Go through the entries below and return every line that contains "also".

**Material to process:**
-- Opening Marker --
lemma tilt_le_second_order:
  fixes x z w :: "nat \<Rightarrow> real"
  assumes "w \<in> space M"
  defines "a \<equiv> mean_shift_exponent x z"
    and "s \<equiv> shift_exponent x z w - mean_shift_exponent x z"
    and "K \<equiv> sqdist n x z / v\<^sup>2"
  shows "tilt z w \<le> exp a * ((1 + s) * tilt x w)
    + (exp a + 1) / 2 * K * (sqdist n (\<lambda>i. x i + tilt_mean x i) w * f w)"
proof -
  define T where "T = sqdist n (\<lambda>i. x i + tilt_mean x i) w"
  have s_sq: "s\<^sup>2 \<le> K * T"
    unfolding s_def K_def T_def by (rule shift_exponent_deviation_sq_le)
  have tilt_x: "0 \<le> tilt x w" "tilt x w \<le> f w" and tilt_z: "0 \<le> tilt z w" "tilt z w \<le> f w"
    using tilt_nonneg tilt_le assms(1) by auto
  have tilt_shift': "tilt z w = exp a * exp s * tilt x w"
    by (simp add: tilt_shift[of z w x] a_def s_def flip: exp_add)
  have "tilt z w \<le> exp a * (1 + s + s\<^sup>2 / 2 + s\<^sup>2 * exp s / 2) * tilt x w"
    unfolding tilt_shift' using exp_le_second_order tilt_x by (intro mult_right_mono mult_left_mono) auto
  \<comment> \<open>The factor \<open>exp s\<close> of the remainder is absorbed into \<open>tilt z w \<le> f w\<close>,
    so second moments of \<open>f\<close> suffice.\<close>
  also have "\<dots> = exp a * ((1 + s) * tilt x w) + exp a / 2 * (s\<^sup>2 * tilt x w) + 1 / 2 * (s\<^sup>2 * tilt z w)"
    by (simp add: tilt_shift' algebra_simps)
  also have "\<dots> \<le> exp a * ((1 + s) * tilt x w) + exp a / 2 * (K * T * f w) + 1 / 2 * (K * T * f w)"
  proof -
    have "0 \<le> K * T"
      using s_sq by (meson order_trans zero_le_power2)
    then have "s\<^sup>2 * tilt x w \<le> K * T * f w" "s\<^sup>2 * tilt z w \<le> K * T * f w"
      using s_sq tilt_x tilt_z by (auto intro: mult_mono)
    then show ?thesis
      by (intro add_mono mult_left_mono order_refl) auto
  qed
  also have "\<dots> = exp a * ((1 + s) * tilt x w) + (exp a + 1) / 2 * K * (T * f w)"
    by (simp add: algebra_simps)
  finally show ?thesis
    by (simp add: T_def)
qed

lemma smooth_le:
  fixes x z :: "nat \<Rightarrow> real"
  defines "a \<equiv> mean_shift_exponent x z" and "K \<equiv> sqdist n x z / v\<^sup>2"
  shows "smooth z \<le> exp a * smooth x
    + (exp a + 1) / 2 * K * (\<integral>w. sqdist n (\<lambda>i. x i + tilt_mean x i) w * f w \<partial>M)"
proof -
  define T where "T w = sqdist n (\<lambda>i. x i + tilt_mean x i) w" for w
  have expand: "(1 + (shift_exponent x z w - a)) * tilt x w
      = tilt x w + shift_exponent x z w * tilt x w - a * tilt x w" for w
    by (simp add: algebra_simps)
  have "smooth z \<le> (\<integral>w. exp a * ((1 + (shift_exponent x z w - a)) * tilt x w)
      + (exp a + 1) / 2 * K * (T w * f w) \<partial>M)"
    unfolding smooth_def expand
    by (intro integral_mono_AE AE_I2 tilt_le_second_order[where x = x and z = z, folded a_def K_def T_def, unfolded expand]
        integrable_tilt Bochner_Integration.integrable_add Bochner_Integration.integrable_diff
        Bochner_Integration.integrable_mult_right integrable_shift_exponent)
      (simp_all add: T_def integrable_sqdist)
  also have "\<dots> = exp a * smooth x + (exp a + 1) / 2 * K * (\<integral>w. T w * f w \<partial>M)"
    unfolding expand using integrable_sqdist integrable_tilt[of x] integrable_shift_exponent[of x z]
    by (simp add: integral_shift_exponent smooth_def T_def a_def)
  finally show ?thesis
    by (simp add: T_def)
qed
-- Closing Marker --
**Your solution:**
  also have "\<dots> = exp a * ((1 + s) * tilt x w) + exp a / 2 * (s\<^sup>2 * tilt x w) + 1 / 2 * (s\<^sup>2 * tilt z w)"
  also have "\<dots> \<le> exp a * ((1 + s) * tilt x w) + exp a / 2 * (K * T * f w) + 1 / 2 * (K * T * f w)"
  also have "\<dots> = exp a * ((1 + s) * tilt x w) + (exp a + 1) / 2 * K * (T * f w)"
  also have "\<dots> = exp a * smooth x + (exp a + 1) / 2 * K * (\<integral>w. T w * f w \<partial>M)"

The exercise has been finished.